Ascites redeposition was revealed in the postoperative course, and redness of the abdominal wall was presented due to inflammatory influence. Prednisolone was administered early after surgery for the purpose of an anti-inflammatory effect and tumor shrinkage, which induced alleviation of the abdominal distention and tachypnea, and the blood tests also showed a reduced inflammatory response, so it was considered to be appropriate management for the oncologic emergency to remove the ascites by laparotomy and steroid treatment. There was no apparent shrinkage of the tumor, however; thus, surgical treatment was indicated. Partial hepatectomy was performed on day 24.

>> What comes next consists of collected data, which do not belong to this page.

lemma prefix_parity_step: "prefix_parity c (x + 1) \<longleftrightarrow> prefix_parity c x \<noteq> c x"
proof -
  define A where "A y = {i \<in> {min 0 y..<max 0 y}. c i}" for y
  have parity: "prefix_parity c y \<longleftrightarrow> odd (card (A y))" for y
    by (simp add: prefix_parity_def A_def)
  have fin: "finite (A y)" for y
    unfolding A_def by (rule finite_subset[OF _ finite_atLeastLessThan_int]) auto
  show ?thesis
  proof (cases "0 \<le> x")
    case True
    then have "A (x + 1) = (if c x then insert x (A x) else A x)" "x \<notin> A x"
      by (auto simp: A_def dest: order_le_imp_less_or_eq)
    then show ?thesis
      using fin by (simp add: parity)
  next
    case False
    then have "A x = (if c x then insert x (A (x + 1)) else A (x + 1))" "x \<notin> A (x + 1)"
      by (auto simp: A_def dest: order_le_imp_less_or_eq)
    then show ?thesis
      using fin by (simp add: parity)
  qed
qed

text \<open>\<sigma> integrates W along the x-axis and then up each column; the square condition
  makes neighbouring columns compatible.\<close>

lemma grid_cocycle_is_coboundary:
  fixes W :: "int \<times> int \<Rightarrow> int \<times> int \<Rightarrow> bool"
  assumes sym: "\<And>u v. W u v \<longleftrightarrow> W v u"
    and square: "\<And>x y. W (x, y) (x + 1, y) \<noteq> W (x + 1, y) (x + 1, y + 1)
                   \<longleftrightarrow> W (x, y) (x, y + 1) \<noteq> W (x, y + 1) (x + 1, y + 1)"
  obtains \<sigma> :: "int \<times> int \<Rightarrow> bool" where "\<And>u v. grid_adj u v \<Longrightarrow> \<sigma> u \<noteq> \<sigma> v \<longleftrightarrow> W u v"
proof -
  define column where "column x = prefix_parity (\<lambda>j. W (x, j) (x, j + 1))" for x
  define \<sigma> where "\<sigma> p \<longleftrightarrow> prefix_parity (\<lambda>i. W (i, 0) (i + 1, 0)) (fst p) \<noteq> column (fst p) (snd p)"
    for p
  have vertical: "\<sigma> (x, y + 1) \<noteq> \<sigma> (x, y) \<longleftrightarrow> W (x, y) (x, y + 1)" for x y
    by (auto simp: \<sigma>_def column_def prefix_parity_step)
  have "column (x + 1) y \<noteq> column x y \<longleftrightarrow> W (x, 0) (x + 1, 0) \<noteq> W (x, y) (x + 1, y)" for x y
  proof (induction y rule: int_induct[where k = 0])
    case (step1 i)
    then show ?case
      using square[of x i] by (simp add: column_def prefix_parity_step) blast
  next
    case (step2 i)
    then show ?case
      using square[of x "i - 1"] prefix_parity_step[of _ "i - 1"]
      by (simp add: column_def) blast
  qed (simp add: column_def)
  then have horizontal: "\<sigma> (x + 1, y) \<noteq> \<sigma> (x, y) \<longleftrightarrow> W (x, y) (x + 1, y)" for x y
    by (auto simp: \<sigma>_def prefix_parity_step)
  have "\<sigma> u \<noteq> \<sigma> v \<longleftrightarrow> W u v" if "grid_adj u v" for u v
    using that
  proof (cases rule: grid_adj_cases)
    case 1
    then show ?thesis using horizontal[of "fst u" "snd u"] by auto
  next
    case 2
    then show ?thesis using horizontal[of "fst u - 1" "snd u"] sym[of u v] by auto
  next
    case 3
    then show ?thesis using vertical[of "fst u" "snd u"] by auto
  next
    case 4
    then show ?thesis using vertical[of "fst u" "snd u - 1"] sym[of u v] by auto
  qed
  then show ?thesis by (rule that)
qed

section \<open>Present edges, face by face\<close>

definition face_center :: "int \<Rightarrow> int \<Rightarrow> pt" where
  "face_center m n = (of_int m + 1/2, of_int n + 1/2)"

definition horiz_edge :: "int \<Rightarrow> int \<Rightarrow> pt set" where
  "horiz_edge m n = {face_center (m - 1) n, face_center (m + 1) n}"

definition vert_edge :: "int \<Rightarrow> int \<Rightarrow> pt set" where
  "vert_edge m n = {face_center m (n - 1), face_center m (n + 1)}"

definition face_corners :: "int \<Rightarrow> int \<Rightarrow> (int \<times> int) set" where
  "face_corners m n = {(m, n), (m, n + 1), (m + 1, n), (m + 1, n + 1)}"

Hepatic IMT has a high risk of postoperative local recurrence in the case of incomplete tumor resection, a primary in the abdominal/pelvic cavity, or a tumor size >8 cm [12, 14]. In addition, distant metastasis rarely occurs at the time of or within 1 year after the diagnosis, although in one report distant metastasis was diagnosed 9 years after the operation [15]. Seven years have passed since the currently reported patient's surgery, but long-term follow-up may be necessary with consideration of local recurrence or distant metastasis.

Conclusion

Huge hepatic IMTs can cause an oncologic emergency due to respiratory disorder during the neonatal period, requiring immediate management.

Statement of Ethics

We have obtained written informed consent from the parents of the patient to publish this report.

Conflict of Interest Statement

The authors have no conflicts of interest to disclose.

Funding Sources

No funding was received.

Author Contributions

H.K. wrote the main text of the manuscript and collected photographs. Y.M. and H.Y. did the final revision of the text. All authors approved the final version of the manuscript.